Буддисты пытаются уничтожить всякую страсть.

Экзистенциалисты: смерть окончательна, пламя нельзя зажечь вновь.

Религиозные чудаки: воскрешение! реинкарнация!

Жизнь ИЛИ смерть.

Черное ИЛИ белое.

Все человечество ищет вслепую.

Только я могу различить эту линию.

Границу между этими двумя сторонами.

ТАМ находится вся сила, которую ты когда-либо можешь обрести.

Между этими двумя.

Там, и более нигде.

София подняла на него глаза, изо всех сил пытаясь овладеть мышцами лица и выглядеть серьезной. Освальд смотрел на нее с надеждой на лице, она же отчаянно пыталась сформулировать что-нибудь уместное и в первую очередь глубокое. Что-нибудь такое, что позволило бы ей выиграть время. Найти возможность сбежать. И в прошлом она справлялась с его вопросами на засыпку и небольшими проверками. Важно было сказать что-то такое, до чего он сам не додумался.

— Границы нет. Ее нельзя увидеть, только почувствовать. В этом вся суть, — выдавила она из себя наконец.

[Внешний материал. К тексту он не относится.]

lemma sum_mult_eq_div_mod:
  fixes w :: "'a \<Rightarrow> int" and T p :: int
  assumes "finite I" "I \<noteq> {}" "0 < p"
  shows "\<exists>E. T * (\<Sum>i\<in>I. w i) = p * (\<Sum>i\<in>I. w i * T div p) + E \<and> 0 \<le> E \<and> E < int (card I) * p"
proof (intro exI conjI)
  let ?E = "\<Sum>i\<in>I. w i * T mod p"
  have "T * (\<Sum>i\<in>I. w i) = (\<Sum>i\<in>I. p * (w i * T div p) + w i * T mod p)"
    unfolding sum_distrib_left by (intro sum.cong refl) (simp add: mult.commute)
  then show "T * (\<Sum>i\<in>I. w i) = p * (\<Sum>i\<in>I. w i * T div p) + ?E"
    by (simp only: sum.distrib sum_distrib_left)
  show "0 \<le> ?E"
    using assms by (simp add: sum_nonneg)
  have "?E < (\<Sum>i\<in>I. p)"
    using assms by (intro sum_strict_mono) auto
  then show "?E < int (card I) * p"
    by simp
qed

definition near_zero_mod :: "int \<Rightarrow> int \<Rightarrow> int \<Rightarrow> int \<Rightarrow> bool" where
  "near_zero_mod p T k v \<longleftrightarrow> T * (v mod p) < k * p \<or> T * (p - v mod p) < k * p"

lemma rounded_sum_reaches_multiple:
  fixes W C E T p k :: int
  assumes "T * W = p * C + E" "0 \<le> E" "E < k * p" "0 < p" "p dvd W"
  shows "\<exists>j\<in>{0..<k}. T dvd C + j"
proof -
  obtain m where "W = p * m"
    using \<open>p dvd W\<close> by blast
  then have "p * (T * m - C) = E"
    using assms(1) by (simp add: algebra_simps)
  then have "p * 0 \<le> p * (T * m - C)" "p * (T * m - C) < p * k"
    using assms(2,3) by (simp_all add: mult.commute)
  then have "0 \<le> T * m - C" "T * m - C < k"
    using \<open>0 < p\<close> by (simp_all only: mult_le_cancel_left_pos mult_less_cancel_left_pos)
  then show ?thesis
    by (intro bexI[of _ "T * m - C"]) auto
qed

lemma rounded_sum_multiple_imp_near_zero_mod:
  fixes W C E T p k j :: int
  assumes decomp: "T * W = p * C + E" "0 \<le> E" "E < k * p" and "0 < p" "k \<le> T"
    and j: "T dvd C + j" "0 \<le> j" "j < k"
  shows "near_zero_mod p T k W"
proof -
  obtain q where q: "C = T * q - j"
    using j(1) by (metis add_diff_cancel_right' dvd_def)
  define v where "v = W mod p"
  define m where "m = W div p"
  define u where "u = E - p * j"
  have "0 \<le> p * j" "p * j < k * p"
    using j(2,3) \<open>0 < p\<close> by (simp_all add: mult.commute)
  then have u: "- (k * p) < u" "u < k * p"
    using decomp(2,3) by (simp_all add: u_def)
  have "W = p * m + v"
    by (simp add: v_def m_def)
  \<comment> \<open>a multiple of \<open>p T\<close> strictly between \<open>- p T\<close> and \<open>2 p T\<close>, hence \<open>0\<close> or \<open>p T\<close>\<close>
  then have eq: "T * v - u = p * T * (q - m)"
    using decomp(1) q unfolding u_def by (simp add: algebra_simps)
  have "0 < T"
    using \<open>k \<le> T\<close> j(2,3) by linarith
  then have pT: "0 < p * T"
    using \<open>0 < p\<close> by simp
  have "0 \<le> v" "v < p"
    using \<open>0 < p\<close> by (simp_all add: v_def)
  then have "0 \<le> T * v" "T * v < p * T"
    using \<open>0 < T\<close> by (simp_all add: mult.commute)
  moreover have "k * p \<le> p * T"
    using \<open>k \<le> T\<close> \<open>0 < p\<close> by simp
  ultimately have "p * T * (-1) < p * T * (q - m)" "p * T * (q - m) < p * T * 2"
    using eq u by linarith+
  then have "q - m = 0 \<or> q - m = 1"
    unfolding mult_less_cancel_left_pos[OF pT] by linarith
  then show ?thesis
    using eq u unfolding near_zero_mod_def v_def by (auto simp: algebra_simps)
qed

lemma card_near_zero_mod_le:
  fixes p T k :: int
  assumes "0 < p" "0 < T" "0 \<le> k"
  shows "real (card {v \<in> {0..<p}. near_zero_mod p T k v}) \<le> 2 * (real_of_int (k * p) / T + 1)"
proof -
  define M where "M = k * p div T"
  have le_M: "u \<le> M" if "T * u < k * p" for u
    unfolding M_def using that \<open>0 < T\<close> zdiv_mono1[of "T * u" "k * p" T] by simp
  have "{v \<in> {0..<p}. near_zero_mod p T k v} \<subseteq> {0..M} \<union> (\<lambda>u. p - u) ` {0..M}"
  proof
    fix v assume "v \<in> {v \<in> {0..<p}. near_zero_mod p T k v}"
    then have "0 \<le> v" "v < p" "T * v < k * p \<or> T * (p - v) < k * p"
      by (auto simp: near_zero_mod_def)
    then have "v \<in> {0..M} \<or> p - v \<in> {0..M}"
      using le_M by auto
    then show "v \<in> {0..M} \<union> (\<lambda>u. p - u) ` {0..M}"
      by (auto intro: image_eqI[of v _ "p - v"])
  qed
  then have "card {v \<in> {0..<p}. near_zero_mod p T k v} \<le> card ({0..M} \<union> (\<lambda>u. p - u) ` {0..M})"
    by (intro card_mono) auto
  also have "\<dots> \<le> card {0..M} + card ((\<lambda>u. p - u) ` {0..M})"
    by (rule card_Un_le)
  also have "\<dots> \<le> 2 * card {0..M}"
    using card_image_le[of "{0..M}" "\<lambda>u. p - u"] by simp
  finally have "real (card {v \<in> {0..<p}. near_zero_mod p T k v}) \<le> 2 * real (card {0..M})"
    by linarith
  also have "\<dots> \<le> 2 * (real_of_int (k * p) / T + 1)"
    using real_of_int_div4[of "k * p" T] assms by (simp add: M_def pos_imp_zdiv_nonneg_iff)
  finally show ?thesis .
qed

lemma inj_on_mult_mod:
  fixes D p :: int
  assumes "coprime D p"
  shows "inj_on (\<lambda>r. (r * D) mod p) {0..<p}"
proof
  fix a b assume a: "a \<in> {0..<p}" and b: "b \<in> {0..<p}" and "(a * D) mod p = (b * D) mod p"
  then have "p dvd (a - b) * D"
    by (simp add: mod_eq_dvd_iff left_diff_distrib)
  then have "p dvd a - b"
    using assms by (simp add: coprime_commute coprime_dvd_mult_left_iff)
  moreover have "\<bar>a - b\<bar> < \<bar>p\<bar>"
    using a b by auto
  ultimately show "a = b"
    using dvd_imp_le_int[of "a - b" p] by fastforce
qed

lemma near_zero_mod_cong:
  "v mod p = u mod p \<Longrightarrow> near_zero_mod p T k v \<longleftrightarrow> near_zero_mod p T k u"
  by (simp add: near_zero_mod_def)

lemma prob_near_zero_mod_le:
  fixes p :: nat and D T k :: int
  assumes "coprime D (int p)" "0 < p" "0 < T" "0 \<le> k"
  shows "measure_pmf.prob (pmf_of_set {0..<p}) {r. near_zero_mod (int p) T k (int r * D)}
           \<le> 2 * k / T + 2 / p"
proof -
  define f where "f r = (int r * D) mod int p" for r
  let ?A = "{r \<in> {0..<p}. near_zero_mod (int p) T k (int r * D)}"
  let ?B = "{v \<in> {0..<int p}. near_zero_mod (int p) T k v}"
  have "inj_on f {0..<p}"
  proof (rule inj_onI)
    fix a b assume "a \<in> {0..<p}" "b \<in> {0..<p}" "f a = f b"
    then have "int a = int b"
      using inj_on_mult_mod[OF assms(1)] by (auto simp: f_def dest: inj_onD)
    then show "a = b"
      by simp
  qed
  moreover have "f ` ?A \<subseteq> ?B"
    using \<open>0 < p\<close> by (auto simp: f_def near_zero_mod_cong[OF mod_mod_trivial])
  moreover have "finite ?B"
    by (rule finite_subset[of _ "{0..<int p}"]) auto
  ultimately have "card ?A \<le> card ?B"
    by (intro card_inj_on_le[of f]) (auto intro: inj_on_subset)
  then have card_A: "real (card ?A) \<le> 2 * (real_of_int (k * int p) / T + 1)"
    using card_near_zero_mod_le[of "int p" T k] assms by linarith
  have "measure_pmf.prob (pmf_of_set {0..<p}) {r. near_zero_mod (int p) T k (int r * D)}
                   = real (card ?A) / p"
    using \<open>0 < p\<close> by (subst measure_pmf_of_set) (auto intro: arg_cong[where f = card])
  also have "\<dots> \<le> 2 * (real_of_int (k * int p) / T + 1) / p"
    using card_A by (rule divide_right_mono) simp
  also have "\<dots> = 2 * k / T + 2 / p"
    using \<open>0 < p\<close> by (simp add: field_simps)
  finally show ?thesis .
qed

definition fingerprint :: "int \<Rightarrow> nat \<Rightarrow> nat \<Rightarrow> nat \<Rightarrow> int \<Rightarrow> int" where
  "fingerprint g p r i v = (int r * (if i = 0 then v - g else v)) mod int p"

definition sum_equal_msg :: "int \<Rightarrow> nat \<Rightarrow> nat \<Rightarrow> nat \<Rightarrow> int \<Rightarrow> nat \<Rightarrow> bool list" where
  "sum_equal_msg g p t i v r = to_bits t (nat (fingerprint g p r i v * 2 ^ t div int p))"

definition sum_equal_out :: "nat \<Rightarrow> nat \<Rightarrow> bool list list \<Rightarrow> nat \<Rightarrow> bool" where
  "sum_equal_out k t ms r \<longleftrightarrow> (\<exists>j\<in>{0..<int k}. 2 ^ t dvd int (sum_list (map of_bits ms)) + j)"

lemma of_bits_sum_equal_msg:
  assumes "0 < p"
  shows "int (of_bits (sum_equal_msg g p t i v r)) = fingerprint g p r i v * 2 ^ t div int p"
proof -
  let ?w = "fingerprint g p r i v"
  have "0 \<le> ?w" "?w < int p"
    using assms by (simp_all add: fingerprint_def)
  have "?w * 2 ^ t div int p * int p \<le> ?w * 2 ^ t"
    using assms by (simp add: minus_mod_eq_div_mult[symmetric])
  also have "\<dots> < 2 ^ t * int p"
    using \<open>?w < int p\<close> by simp
  finally have "?w * 2 ^ t div int p < 2 ^ t"
    using assms by simp
  moreover have "0 \<le> ?w * 2 ^ t div int p"
    using assms \<open>0 \<le> ?w\<close> by (simp add: pos_imp_zdiv_nonneg_iff)
  ultimately show ?thesis
    by (simp add: sum_equal_msg_def of_bits_to_bits nat_less_iff)
qed

lemma total_comm_sum_equal_msg: "total_comm k (sum_equal_msg g p t) x r = k * t"
  by (simp add: total_comm_def sum_equal_msg_def)

lemma protocol_output_sum_equal:
  assumes "0 < p"
  shows "protocol_output k (sum_equal_msg g p t) (sum_equal_out k t) x r \<longleftrightarrow>
    (\<exists>j\<in>{0..<int k}. 2 ^ t dvd (\<Sum>i<k. fingerprint g p r i (x i) * 2 ^ t div int p) + j)"
proof -
  have "int (sum_list (map of_bits (map (\<lambda>i. sum_equal_msg g p t i (x i) r) [0..<k])))
          = (\<Sum>i<k. fingerprint g p r i (x i) * 2 ^ t div int p)"
    using assms by (simp add: sum_list_sum_nth atLeast0LessThan of_bits_sum_equal_msg)
  then show ?thesis
    by (simp add: protocol_output_def sum_equal_out_def)
qed

lemma sum_fingerprint_mod:
  assumes "0 < k"
  shows "(\<Sum>i<k. fingerprint g p r i (x i)) mod int p = (int r * ((\<Sum>i<k. x i) - g)) mod int p"
proof -
  have "(\<Sum>i<k. (if i = 0 then x i - g else x i)) = (\<Sum>i<k. x i - (if i = 0 then g else 0))"
    by (intro sum.cong) auto
  also have "\<dots> = (\<Sum>i<k. x i) - g"
    using assms by (simp add: sum_subtractf)
  finally have "(\<Sum>i<k. (if i = 0 then x i - g else x i)) = (\<Sum>i<k. x i) - g" .
  then show ?thesis
    unfolding fingerprint_def by (metis (no_types) mod_sum_eq sum_distrib_left)
qed

lemma sum_equal_protocol_accepts:
  assumes "0 < k" "0 < p" "sum_equal k g x"
  shows "protocol_output k (sum_equal_msg g p t) (sum_equal_out k t) x r"
proof -
  let ?w = "\<lambda>i. fingerprint g p r i (x i)"
  obtain E where "2 ^ t * (\<Sum>i<k. ?w i) = int p * (\<Sum>i<k. ?w i * 2 ^ t div int p) + E"
    "0 \<le> E" "E < int k * int p"
    using sum_mult_eq_div_mod[where I = "{..<k}" and w = ?w and T = "2 ^ t" and p = "int p"] assms by auto
  moreover have "int p dvd (\<Sum>i<k. ?w i)"
    using sum_fingerprint_mod[of k g p r x] assms by (simp add: sum_equal_def mod_eq_0_iff_dvd)
  ultimately show ?thesis
    using rounded_sum_reaches_multiple assms by (simp add: protocol_output_sum_equal)
qed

Его взгляд стал задумчив, словно устремлен внутрь себя. Затем он медленно закивал, провел рукой по однодневной щетине. Потом возникла улыбка — та, которая читалась в глазах, но не достигала губ.

— Точно, София! Именно так. Ты врубилась. Поняла, черт меня подери… Неплохо. Надеюсь, теперь ты понимаешь, почему находишься здесь, а не среди всех этих посредственностей. Отличная работа!

Освальд быстро поднялся, похлопал ее по щеке.

— Сейчас мне надо пойти принять душ. Прочти хронику, потом обсудим. А потом можешь прочесть мои заметки. Оставляю их здесь.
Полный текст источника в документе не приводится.